[WORK TO COMPLETE] Every record here needs to be written out again exactly.

[AVAILABLE DATA]
lemma pentagon_vertex_path_vertex:
  assumes "j < 5" "i < t"
  shows "pentagon_vertex (j * t + i) = path_vertex j i"
proof (cases "i = 0")
  case True
  then show ?thesis
    using assms t_pos by (simp add: pentagon_vertex_def path_start_def)
next
  case False
  then show ?thesis
    using assms by (simp add: pentagon_vertex_def path_vertex_def path_base_def path_len_def)
qed

lemma pentagon_vertex_path_end:
  assumes "j < 5"
  shows "pentagon_vertex ((j + 1) * t mod (5 * t)) = path_vertex j t"
proof -
  have "path_vertex j t = (j + 1) mod 5"
    using path_vertex_path_len[of j] assms by (simp add: path_len_def path_end_def)
  moreover have "(j + 1) * t mod (5 * t) = ((j + 1) mod 5) * t"
    using assms t_pos by (cases "j = 4") auto
  ultimately show ?thesis
    using t_pos by (simp add: pentagon_vertex_def)
qed

lemma inj_on_pentagon_vertex: "inj_on pentagon_vertex {..<5 * t}"
proof (rule inj_onI)
  fix q q'
  assume "q \<in> {..<5 * t}" "q' \<in> {..<5 * t}" and eq: "pentagon_vertex q = pentagon_vertex q'"
  then have "q div t < 5" "q' div t < 5"
    by (auto simp: less_mult_imp_div_less mult.commute)
  with eq show "q = q'"
    using div_mult_mod_eq[of q t] div_mult_mod_eq[of q' t]
    by (cases "q mod t = 0"; cases "q' mod t = 0") (auto simp: pentagon_vertex_def)
qed

lemma is_cycle_pentagon:
  assumes sides: "\<And>j i. j < 5 \<Longrightarrow> i < t \<Longrightarrow> path_edge j i \<in> H"
  shows "is_cycle H (map pentagon_vertex [0..<5 * t])"
  unfolding is_cycle_def
proof (intro conjI allI impI)
  show "distinct (map pentagon_vertex [0..<5 * t])"
    using inj_on_pentagon_vertex by (simp add: distinct_map atLeast0LessThan)
  show "3 \<le> length (map pentagon_vertex [0..<5 * t])"
    using t_pos by simp
  fix q
  assume "q < length (map pentagon_vertex [0..<5 * t])"
  then have q: "q < 5 * t" by simp
  define j where "j = q div t"
  define i where "i = q mod t"
  have ji: "j < 5" "i < t" "q = j * t + i"
    using q t_pos unfolding j_def i_def by (auto simp: less_mult_imp_div_less mult.commute)
  have "pentagon_vertex ((q + 1) mod (5 * t)) = path_vertex j (Suc i)"
  proof (cases "Suc i < t")
    case True
    have "(j + 1) * t \<le> 5 * t"
      using ji by (intro mult_le_mono1) simp
    moreover have "(j + 1) * t = j * t + t"
      by simp
    ultimately have "j * t + Suc i < 5 * t"
      using True by linarith
    then show ?thesis
      using ji True pentagon_vertex_path_vertex[of j "Suc i"] by simp
  next
    case False
    then have "Suc i = t"
      using ji by simp
    moreover have "q + 1 = (j + 1) * t"
      using ji \<open>Suc i = t\<close> by simp
    ultimately show ?thesis
      using pentagon_vertex_path_end[OF ji(1)] by (simp only:)
  qed
  then show "{map pentagon_vertex [0..<5 * t] ! q,
      map pentagon_vertex [0..<5 * t] ! ((q + 1) mod length (map pentagon_vertex [0..<5 * t]))} \<in> H"
    using sides[OF ji(1,2)] pentagon_vertex_path_vertex[OF ji(1,2)] q ji(3)
    by (simp add: path_edge_def)
qed

lemma girth_min_spanner:
  assumes "is_min_spanner n stretch edges H" "num_vertices \<le> n"
  shows "girth H < enat (stretch + 2)"
proof -
  have "girth H \<le> enat (5 * t)"
    using girth_le_cycle[OF is_cycle_pentagon] min_spanner_contains_sides[OF assms] by fastforce
  also have "\<dots> < enat (stretch + 2)"
    using L_ge t_pos by (simp add: stretch_def)
  finally show ?thesis .
qed

lemma not_good_stretch:
  assumes "num_vertices \<le> n"
  shows "\<not> good n stretch"
proof
  assume "good n stretch"
  then obtain H where H: "is_min_spanner n stretch edges H" "enat (stretch + 2) \<le> girth H"
    using is_graph_edges[OF assms] unfolding good_def by blast
  then show False
    using leD[OF H(2)] girth_min_spanner[OF H(1) assms] by blast
qed

end

lemma not_good:
  fixes n k :: nat
  assumes "4 < k" "3 * k + 24 < n"
  shows "\<not> good n k"
proof -
  define t where "t = (k + 1) div 5"
  define L where "L = k + 2 - 3 * t"
  text \<open>Then \<open>5 t \<le> k + 1 < 5 t + 5\<close>, which gives \<open>L \<ge> 2 t + 1\<close> and at most \<open>3 k + 21\<close>
    vertices.\<close>
  have t: "1 \<le> t" "5 * t \<le> k + 1" "k + 1 < 5 * t + 5"
    using assms(1) unfolding t_def by linarith+
  interpret subdivided_K5 t L
    using t by unfold_locales (auto simp: L_def)
  have "stretch = k"
    using stretch_def t unfolding L_def by linarith
  moreover have "num_vertices \<le> n"
    using num_vertices_def t assms(2) unfolding L_def by linarith
  ultimately show ?thesis
    using not_good_stretch by blast
qed

theorem theorem1p6:
  shows "\<exists>c1 c2 :: real. c1 > 0 \<and> c2 > 0 \<and> (\<exists>N :: nat. \<forall>n \<ge> N. \<forall>k :: nat.
           c1 < real k \<and> real k < real n / 3 - c2 \<longrightarrow> \<not> good n k)"
proof (intro exI conjI)
  show "\<forall>n \<ge> 0. \<forall>k :: nat. 4 < real k \<and> real k < real n / 3 - 8 \<longrightarrow> \<not> good n k"
  proof (intro allI impI)
    fix n k :: nat
    assume "4 < real k \<and> real k < real n / 3 - 8"
    then have "4 < k" "3 * k + 24 < n"
      by linarith+
    then show "\<not> good n k"
      by (rule not_good)
  qed
qed simp_all

end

[SOLUTION FOR THIS PROBLEM]
lemma pentagon_vertex_path_vertex:
  assumes "j < 5" "i < t"
  shows "pentagon_vertex (j * t + i) = path_vertex j i"
proof (cases "i = 0")
  case True
  then show ?thesis
    using assms t_pos by (simp add: pentagon_vertex_def path_start_def)
next
  case False
  then show ?thesis
    using assms by (simp add: pentagon_vertex_def path_vertex_def path_base_def path_len_def)
qed

lemma pentagon_vertex_path_end:
  assumes "j < 5"
  shows "pentagon_vertex ((j + 1) * t mod (5 * t)) = path_vertex j t"
proof -
  have "path_vertex j t = (j + 1) mod 5"
    using path_vertex_path_len[of j] assms by (simp add: path_len_def path_end_def)
  moreover have "(j + 1) * t mod (5 * t) = ((j + 1) mod 5) * t"
    using assms t_pos by (cases "j = 4") auto
  ultimately show ?thesis
    using t_pos by (simp add: pentagon_vertex_def)
qed

lemma inj_on_pentagon_vertex: "inj_on pentagon_vertex {..<5 * t}"
proof (rule inj_onI)
  fix q q'
  assume "q \<in> {..<5 * t}" "q' \<in> {..<5 * t}" and eq: "pentagon_vertex q = pentagon_vertex q'"
  then have "q div t < 5" "q' div t < 5"
    by (auto simp: less_mult_imp_div_less mult.commute)
  with eq show "q = q'"
    using div_mult_mod_eq[of q t] div_mult_mod_eq[of q' t]
    by (cases "q mod t = 0"; cases "q' mod t = 0") (auto simp: pentagon_vertex_def)
qed

lemma is_cycle_pentagon:
  assumes sides: "\<And>j i. j < 5 \<Longrightarrow> i < t \<Longrightarrow> path_edge j i \<in> H"
  shows "is_cycle H (map pentagon_vertex [0..<5 * t])"
  unfolding is_cycle_def
proof (intro conjI allI impI)
  show "distinct (map pentagon_vertex [0..<5 * t])"
    using inj_on_pentagon_vertex by (simp add: distinct_map atLeast0LessThan)
  show "3 \<le> length (map pentagon_vertex [0..<5 * t])"
    using t_pos by simp
  fix q
  assume "q < length (map pentagon_vertex [0..<5 * t])"
  then have q: "q < 5 * t" by simp
  define j where "j = q div t"
  define i where "i = q mod t"
  have ji: "j < 5" "i < t" "q = j * t + i"
    using q t_pos unfolding j_def i_def by (auto simp: less_mult_imp_div_less mult.commute)
  have "pentagon_vertex ((q + 1) mod (5 * t)) = path_vertex j (Suc i)"
  proof (cases "Suc i < t")
    case True
    have "(j + 1) * t \<le> 5 * t"
      using ji by (intro mult_le_mono1) simp
    moreover have "(j + 1) * t = j * t + t"
      by simp
    ultimately have "j * t + Suc i < 5 * t"
      using True by linarith
    then show ?thesis
      using ji True pentagon_vertex_path_vertex[of j "Suc i"] by simp
  next
    case False
    then have "Suc i = t"
      using ji by simp
    moreover have "q + 1 = (j + 1) * t"
      using ji \<open>Suc i = t\<close> by simp
    ultimately show ?thesis
      using pentagon_vertex_path_end[OF ji(1)] by (simp only:)
  qed
  then show "{map pentagon_vertex [0..<5 * t] ! q,
      map pentagon_vertex [0..<5 * t] ! ((q + 1) mod length (map pentagon_vertex [0..<5 * t]))} \<in> H"
    using sides[OF ji(1,2)] pentagon_vertex_path_vertex[OF ji(1,2)] q ji(3)
    by (simp add: path_edge_def)
qed

lemma girth_min_spanner:
  assumes "is_min_spanner n stretch edges H" "num_vertices \<le> n"
  shows "girth H < enat (stretch + 2)"
proof -
  have "girth H \<le> enat (5 * t)"
    using girth_le_cycle[OF is_cycle_pentagon] min_spanner_contains_sides[OF assms] by fastforce
  also have "\<dots> < enat (stretch + 2)"
    using L_ge t_pos by (simp add: stretch_def)
  finally show ?thesis .
qed

lemma not_good_stretch:
  assumes "num_vertices \<le> n"
  shows "\<not> good n stretch"
proof
  assume "good n stretch"
  then obtain H where H: "is_min_spanner n stretch edges H" "enat (stretch + 2) \<le> girth H"
    using is_graph_edges[OF assms] unfolding good_def by blast
  then show False
    using leD[OF H(2)] girth_min_spanner[OF H(1) assms] by blast
qed

end

lemma not_good:
  fixes n k :: nat
  assumes "4 < k" "3 * k + 24 < n"
  shows "\<not> good n k"
proof -
  define t where "t = (k + 1) div 5"
  define L where "L = k + 2 - 3 * t"
  text \<open>Then \<open>5 t \<le> k + 1 < 5 t + 5\<close>, which gives \<open>L \<ge> 2 t + 1\<close> and at most \<open>3 k + 21\<close>
    vertices.\<close>
  have t: "1 \<le> t" "5 * t \<le> k + 1" "k + 1 < 5 * t + 5"
    using assms(1) unfolding t_def by linarith+
  interpret subdivided_K5 t L
    using t by unfold_locales (auto simp: L_def)
  have "stretch = k"
    using stretch_def t unfolding L_def by linarith
  moreover have "num_vertices \<le> n"
    using num_vertices_def t assms(2) unfolding L_def by linarith
  ultimately show ?thesis
    using not_good_stretch by blast
qed

theorem theorem1p6:
  shows "\<exists>c1 c2 :: real. c1 > 0 \<and> c2 > 0 \<and> (\<exists>N :: nat. \<forall>n \<ge> N. \<forall>k :: nat.
           c1 < real k \<and> real k < real n / 3 - c2 \<longrightarrow> \<not> good n k)"
proof (intro exI conjI)
  show "\<forall>n \<ge> 0. \<forall>k :: nat. 4 < real k \<and> real k < real n / 3 - 8 \<longrightarrow> \<not> good n k"
  proof (intro allI impI)
    fix n k :: nat
    assume "4 < real k \<and> real k < real n / 3 - 8"
    then have "4 < k" "3 * k + 24 < n"
      by linarith+
    then show "\<not> good n k"
      by (rule not_good)
  qed
qed simp_all

end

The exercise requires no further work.